Using Databricks with Geospatial Data
Databricks' native Spatial SQL capabilities, dramatically accelerated in late 2025 with spatial joins running up to 17x faster, are forcing enterprises to rethink how they handle exploding volumes of location data at scale.
Key takeaways
- •In December 2025, Databricks rolled out major optimizations to its built-in Spatial SQL, including R-tree indexing and Photon engine enhancements, making large-scale geospatial processing far more efficient without external libraries.
- •Companies now face mounting pressure to unify geospatial workloads into their central lakehouse platforms, as separate GIS systems incur higher costs, data silos, and slower insights amid surging data from sensors, satellites, and IoT.

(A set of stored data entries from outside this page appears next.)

text \<open>Duhamel's formula: \<open>exp (s C) exp (- s A)\<close> has derivative \<open>exp (s C) (C - A) exp (- s A)\<close>,
  whose norm is at most \<open>\<parallel>C - A\<parallel>\<close> because both exponentials are contractions.\<close>

lemma norm_exp_add_minus_exp_le:
  assumes A: "skew A" and AB: "skew (A + B)"
  shows "norm (exp (A + B) - exp A) \<le> norm B"
proof -
  define C where "C = A + B"
  define g where "g s = exp (s *\<^sub>R C) * exp (s *\<^sub>R (- A))" for s :: real
  define g' where "g' s = exp (s *\<^sub>R C) * B * exp (s *\<^sub>R (- A))" for s :: real
  have "(g has_vector_derivative
      exp (s *\<^sub>R C) * (- A * exp (s *\<^sub>R (- A))) + exp (s *\<^sub>R C) * C * exp (s *\<^sub>R (- A)))
      (at s within {0..1})" for s
    unfolding g_def
    by (intro has_vector_derivative_mult exp_scaleR_has_vector_derivative_right
          has_vector_derivative_at_within[OF exp_scaleR_has_vector_derivative_left])
  then have dg: "(g has_derivative (\<lambda>h. h *\<^sub>R g' s)) (at s within {0..1})" for s
    by (simp add: g'_def C_def algebra_simps has_vector_derivative_def)
  have "norm (g' s) \<le> norm B" for s
    unfolding g'_def using A AB
    by (intro norm_exp_mult_exp_skew_le) (simp_all add: C_def skew_scaleR skew_uminus)
  then have "norm (h *\<^sub>R g' s) \<le> norm B * norm h" for h s
    by (simp add: mult.commute mult_left_mono)
  then have "onorm (\<lambda>h. h *\<^sub>R g' s) \<le> norm B" for s
    by (intro onorm_bound) auto
  then have "norm (g 1 - g 0) \<le> norm B * norm (1 - (0::real))"
    by (intro differentiable_bound[OF _ dg]) auto
  then have g1: "norm (exp C * exp (- A) - 1) \<le> norm B" by (simp add: g_def)
  have "exp C - exp A = (exp C * exp (- A) - 1) * exp A"
    by (simp add: algebra_simps exp_add_commuting[symmetric])
  then have "norm (exp C - exp A) \<le> norm (exp C * exp (- A) - 1) * norm (exp A)"
    by (metis norm_mult_ineq)
  also have "\<dots> \<le> norm B * 1"
    by (intro mult_mono g1 norm_exp_skew_le A) auto
  finally show ?thesis by (simp add: C_def)
qed

section \<open>Complex matrices as operators\<close>

lift_definition endo_of_matrix :: "complex^'n^'n \<Rightarrow> (complex^'n::finite) endo"
  is "\<lambda>X. Blinfun ((*v) X)" .

lemma blinfun_apply_endo_of_matrix: "blinfun_apply (rep_endo (endo_of_matrix X)) = (*v) X"
  by (simp add: endo_of_matrix.rep_eq bounded_linear_Blinfun_apply)

lemma norm_endo_of_matrix: "norm (endo_of_matrix X) = opnorm X"
  by (simp add: norm_endo.rep_eq norm_blinfun.rep_eq opnorm_def endo_of_matrix.rep_eq
      bounded_linear_Blinfun_apply)

lemma opnorm_nonneg: "0 \<le> opnorm X"
  by (metis norm_endo_of_matrix norm_ge_zero)

lemma endo_of_matrix_add: "endo_of_matrix (X + Y) = endo_of_matrix X + endo_of_matrix Y"
  by (rule endo_eqI) (simp add: plus_endo.rep_eq blinfun_apply_endo_of_matrix
      matrix_vector_mult_add_rdistrib blinfun.add_left)

lemma endo_of_matrix_diff: "endo_of_matrix (X - Y) = endo_of_matrix X - endo_of_matrix Y"
  by (rule endo_eqI) (simp add: minus_endo.rep_eq blinfun_apply_endo_of_matrix
      matrix_vector_mult_diff_rdistrib blinfun.diff_left)

lemma endo_of_matrix_scaleR: "endo_of_matrix (r *\<^sub>R X) = r *\<^sub>R endo_of_matrix X"
  by (rule endo_eqI) (simp add: scaleR_endo.rep_eq blinfun_apply_endo_of_matrix
      blinfun.scaleR_left vec_eq_iff matrix_vector_mult_def scaleR_sum_right)

lemma endo_of_matrix_mpow: "endo_of_matrix (mpow X k) = endo_of_matrix X ^ k"
proof (induction k)
  case 0
  show ?case by (rule endo_eqI) (simp add: one_endo.rep_eq blinfun_apply_endo_of_matrix)
next
  case (Suc k)
  have "endo_of_matrix (X ** Y) = endo_of_matrix X * endo_of_matrix Y" for Y
    by (rule endo_eqI) (simp add: times_endo.rep_eq blinfun_apply_endo_of_matrix
        matrix_vector_mul_assoc)
  with Suc show ?case by simp
qed

lemma bounded_linear_endo_of_matrix: "bounded_linear endo_of_matrix"
proof -
  have "linear endo_of_matrix"
    by (rule linearI) (simp_all add: endo_of_matrix_add endo_of_matrix_scaleR)
  then show ?thesis by (simp add: linear_conv_bounded_linear)
qed

definition matrix_of_endo :: "(complex^'n::finite) endo \<Rightarrow> complex^'n^'n"
  where "matrix_of_endo F = matrix (blinfun_apply (rep_endo F))"

lemma matrix_of_endo_of_matrix: "matrix_of_endo (endo_of_matrix X) = X"
  by (simp add: matrix_of_endo_def blinfun_apply_endo_of_matrix)

lemma norm_axis_complex: "norm (axis j (1::complex)) = 1"
  by (simp add: norm_eq_1 inner_axis_axis)

lemma norm_matrix_of_endo_nth_le: "norm (matrix_of_endo F $ i $ j) \<le> norm F"
proof -
  have "norm (matrix_of_endo F $ i $ j) \<le> norm (blinfun_apply (rep_endo F) (axis j 1))"
    by (simp add: matrix_of_endo_def matrix_def Finite_Cartesian_Product.norm_nth_le)
  also have "\<dots> \<le> norm F"
    using norm_blinfun[of "rep_endo F" "axis j 1"] by (simp add: norm_axis_complex norm_endo.rep_eq)
  finally show ?thesis .
qed

lemma norm_le_sum_norm_nth: "norm (x :: 'a::real_normed_vector^'n) \<le> (\<Sum>i\<in>UNIV. norm (x $ i))"
  unfolding norm_vec_def by (rule L2_set_le_sum) simp

lemma bounded_linear_matrix_of_endo: "bounded_linear matrix_of_endo"
proof (rule bounded_linear_intro)
  fix F G :: "(complex^'n) endo" and r :: real
  show "matrix_of_endo (F + G) = matrix_of_endo F + matrix_of_endo G"
    by (simp add: matrix_of_endo_def matrix_def vec_eq_iff plus_endo.rep_eq blinfun.add_left)
  show "matrix_of_endo (r *\<^sub>R F) = r *\<^sub>R matrix_of_endo F"
    by (simp add: matrix_of_endo_def matrix_def vec_eq_iff scaleR_endo.rep_eq blinfun.scaleR_left)
  have "norm (matrix_of_endo F) \<le> (\<Sum>i\<in>UNIV. norm (matrix_of_endo F $ i))"
    by (rule norm_le_sum_norm_nth)
  also have "\<dots> \<le> (\<Sum>i\<in>UNIV. \<Sum>j\<in>UNIV. norm (matrix_of_endo F $ i $ j))"
    by (intro sum_mono norm_le_sum_norm_nth)
  also have "\<dots> \<le> (\<Sum>i\<in>(UNIV::'n set). \<Sum>j\<in>(UNIV::'n set). norm F)"
    by (intro sum_mono norm_matrix_of_endo_nth_le)
  finally show "norm (matrix_of_endo F) \<le> norm F * (CARD('n) * CARD('n))"
    by (simp add: mult_ac)
qed

lemma norm_nth_nth_le_opnorm: "cmod (X $ i $ j) \<le> opnorm X"
  using norm_matrix_of_endo_nth_le[of "endo_of_matrix X"]
  by (simp add: matrix_of_endo_of_matrix norm_endo_of_matrix)

text \<open>The matrix series converges because it is the image of the exponential series
  under the bounded linear left inverse \<^const>\<open>matrix_of_endo\<close>.\<close>

lemma endo_of_matrix_mexp: "endo_of_matrix (mexp X) = exp (endo_of_matrix X)"
proof -
  let ?f = "\<lambda>k. (1 / fact k) *\<^sub>R mpow X k"
  have f: "endo_of_matrix (?f k) = endo_of_matrix X ^ k /\<^sub>R fact k" for k
    by (simp add: endo_of_matrix_scaleR endo_of_matrix_mpow inverse_eq_divide)
  have "summable (\<lambda>k. matrix_of_endo (endo_of_matrix (?f k)))"
    unfolding f by (rule bounded_linear.summable[OF bounded_linear_matrix_of_endo summable_exp_generic])
  then have "summable ?f" by (simp add: matrix_of_endo_of_matrix)
  then have "endo_of_matrix (mexp X) = (\<Sum>k. endo_of_matrix (?f k))"
    unfolding mexp_def by (rule bounded_linear.suminf[OF bounded_linear_endo_of_matrix])
  then show ?thesis by (simp add: f exp_def)
qed

section \<open>Unitary evolutions of real symmetric matrices\<close>

lemma imat_add: "imat (M + N) = imat M + imat N"
  by (simp add: imat_def vec_eq_iff distrib_left)

lemma opnorm_imat: "opnorm (imat M) = opnorm (cmat M)"
proof -
  have "(imat M *v x) $ i = \<i> * (cmat M *v x) $ i" for x i
    by (simp add: matrix_vector_mult_def imat_def cmat_def sum_distrib_left mult.assoc)
  then have "norm (imat M *v x) = norm (cmat M *v x)" for x
    by (simp add: norm_vec_def norm_mult)
  then show ?thesis unfolding opnorm_def onorm_def by simp
qed

text \<open>With \<open>a i j = Im y\<^sub>i Re y\<^sub>j - Re y\<^sub>i Im y\<^sub>j\<close> one has \<open>\<langle>y, i M y\<rangle> = \<Sum>\<^sub>i\<^sub>j M\<^sub>i\<^sub>j a i j\<close>,
  which vanishes since \<open>M\<close> is symmetric and \<open>a\<close> antisymmetric.\<close>

lemma skew_endo_of_imat:
  fixes M :: "real^'n::finite^'n"
  assumes "transpose M = M"
  shows "skew (endo_of_matrix (imat M))"
  unfolding skew_def
proof
  fix y :: "complex^'n"
  have M: "M $ j $ i = M $ i $ j" for i j
    using assms by (metis transpose_def vec_lambda_beta)
  define a where "a i j = Im (y $ i) * Re (y $ j) - Re (y $ i) * Im (y $ j)" for i j
  have inner_eq: "inner y (blinfun_apply (rep_endo (endo_of_matrix (imat M))) y)
      = (\<Sum>i\<in>UNIV. \<Sum>j\<in>UNIV. M $ i $ j * a i j)"
    by (simp add: blinfun_apply_endo_of_matrix inner_vec_def matrix_vector_mult_def imat_def
        inner_sum_right inner_complex_def a_def algebra_simps)
       (simp add: sum_distrib_left sum_subtractf sum_negf algebra_simps)
  have "(\<Sum>i\<in>UNIV. \<Sum>j\<in>UNIV. M $ i $ j * a i j) = (\<Sum>j\<in>UNIV. \<Sum>i\<in>UNIV. M $ i $ j * a i j)"
    by (rule sum.swap)
  also have "\<dots> = - (\<Sum>j\<in>UNIV. \<Sum>i\<in>UNIV. M $ j $ i * a j i)"
    by (simp add: M a_def sum_negf[symmetric] algebra_simps)
  finally show "inner y (blinfun_apply (rep_endo (endo_of_matrix (imat M))) y) = 0"
    using inner_eq by simp
qed
lemma pair_up_images_disjoint:
  assumes "p \<noteq> x" "q \<noteq> p"
  shows "pair_up x p ` A \<inter> pair_up x q ` B = {}"
proof -
  have "pair_up x p a x \<noteq> pair_up x q b x" for a b
    using assms by (simp add: pair_up_def)
  then show ?thesis
    by (blast dest: fun_cong[where x = x])
qed

lemma finite_card_fpf_involutions:
  assumes "finite T"
  shows "finite (fpf_involutions T) \<and> card (fpf_involutions T) = matchings (card T)"
  using assms
proof (induction "card T" arbitrary: T rule: less_induct)
  case less
  show ?case
  proof (cases "T = {}")
    case True
    then show ?thesis by (simp add: fpf_involutions_empty)
  next
    case False
    then obtain x where x: "x \<in> T" by blast
    define m where "m = card (T - {x})"
    have card_T: "card T = Suc m"
      using card_Suc_Diff1[OF less.prems x] by (simp add: m_def)
    have IH: "finite (fpf_involutions (T - {x, p})) \<and>
        card (fpf_involutions (T - {x, p})) = matchings (m - 1)" if "p \<in> T - {x}" for p
    proof -
      have "T - {x, p} = T - {x} - {p}"
        by auto
      then have "card (T - {x, p}) = m - 1"
        using that less.prems by (simp add: m_def)
      then show ?thesis
        using less.hyps[of "T - {x, p}"] less.prems card_T by simp
    qed
    note decomp = fpf_involutions_pair_up_decomp[OF x]
    have "card (fpf_involutions T) = (\<Sum>p\<in>T - {x}. card (pair_up x p ` fpf_involutions (T - {x, p})))"
      unfolding decomp by (rule card_UN_disjoint) (use less.prems IH pair_up_images_disjoint in blast)+
    also have "\<dots> = (\<Sum>p\<in>T - {x}. matchings (m - 1))"
      by (rule sum.cong) (auto simp: card_image inj_on_pair_up IH)
    also have "\<dots> = matchings (card T)"
      by (simp add: card_T matchings_Suc m_def)
    finally show ?thesis
      unfolding decomp using less.prems IH by auto
  qed
qed

lemma finite_fpf_involutions: "finite T \<Longrightarrow> finite (fpf_involutions T)"
  using finite_card_fpf_involutions by blast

- •The shift risks leaving laggards at a competitive disadvantage in industries like energy, logistics, and urban planning, where real-time location intelligence directly drives operational efficiency, safety, and revenue.
Geospatial at Scale
Location data has long powered specialized applications, from mapping apps to supply-chain routing, but its volume and complexity have historically demanded dedicated geospatial tools like PostGIS or proprietary GIS software. These systems often sit apart from broader enterprise analytics, creating silos, duplication, and governance headaches.
Databricks changed that trajectory in 2025 by introducing and then rapidly enhancing native Spatial SQL. Early in the year came support for GEOMETRY and GEOGRAPHY data types plus over 90 spatial functions. By December, engine-level improvements—R-tree indexing, optimized joins in the Photon vectorised engine, and intelligent range optimizations—delivered up to 17x faster spatial joins on real-world workloads, including benchmarks with Overture Maps data.
The timing aligns with explosive growth in geospatial sources: IoT sensors, satellite imagery, mobile devices, and autonomous systems generate petabytes of location-tagged information. Industries such as energy (exemplified by BP's real-time geospatial AI platform on Databricks for safety and operations), retail site selection, logistics optimisation, and climate monitoring now treat location as core context rather than an add-on.
Integrations like CARTO's native support for Databricks Spatial SQL in January 2026 further signal ecosystem momentum, enabling agentic AI-driven spatial analysis without custom runtimes or external compute. Yet the transition carries trade-offs. Legacy GIS teams may resist losing specialised tools' fine-grained control, while data engineers weigh the learning curve of SQL-based spatial predicates against proven but slower alternatives like Apache Sedona.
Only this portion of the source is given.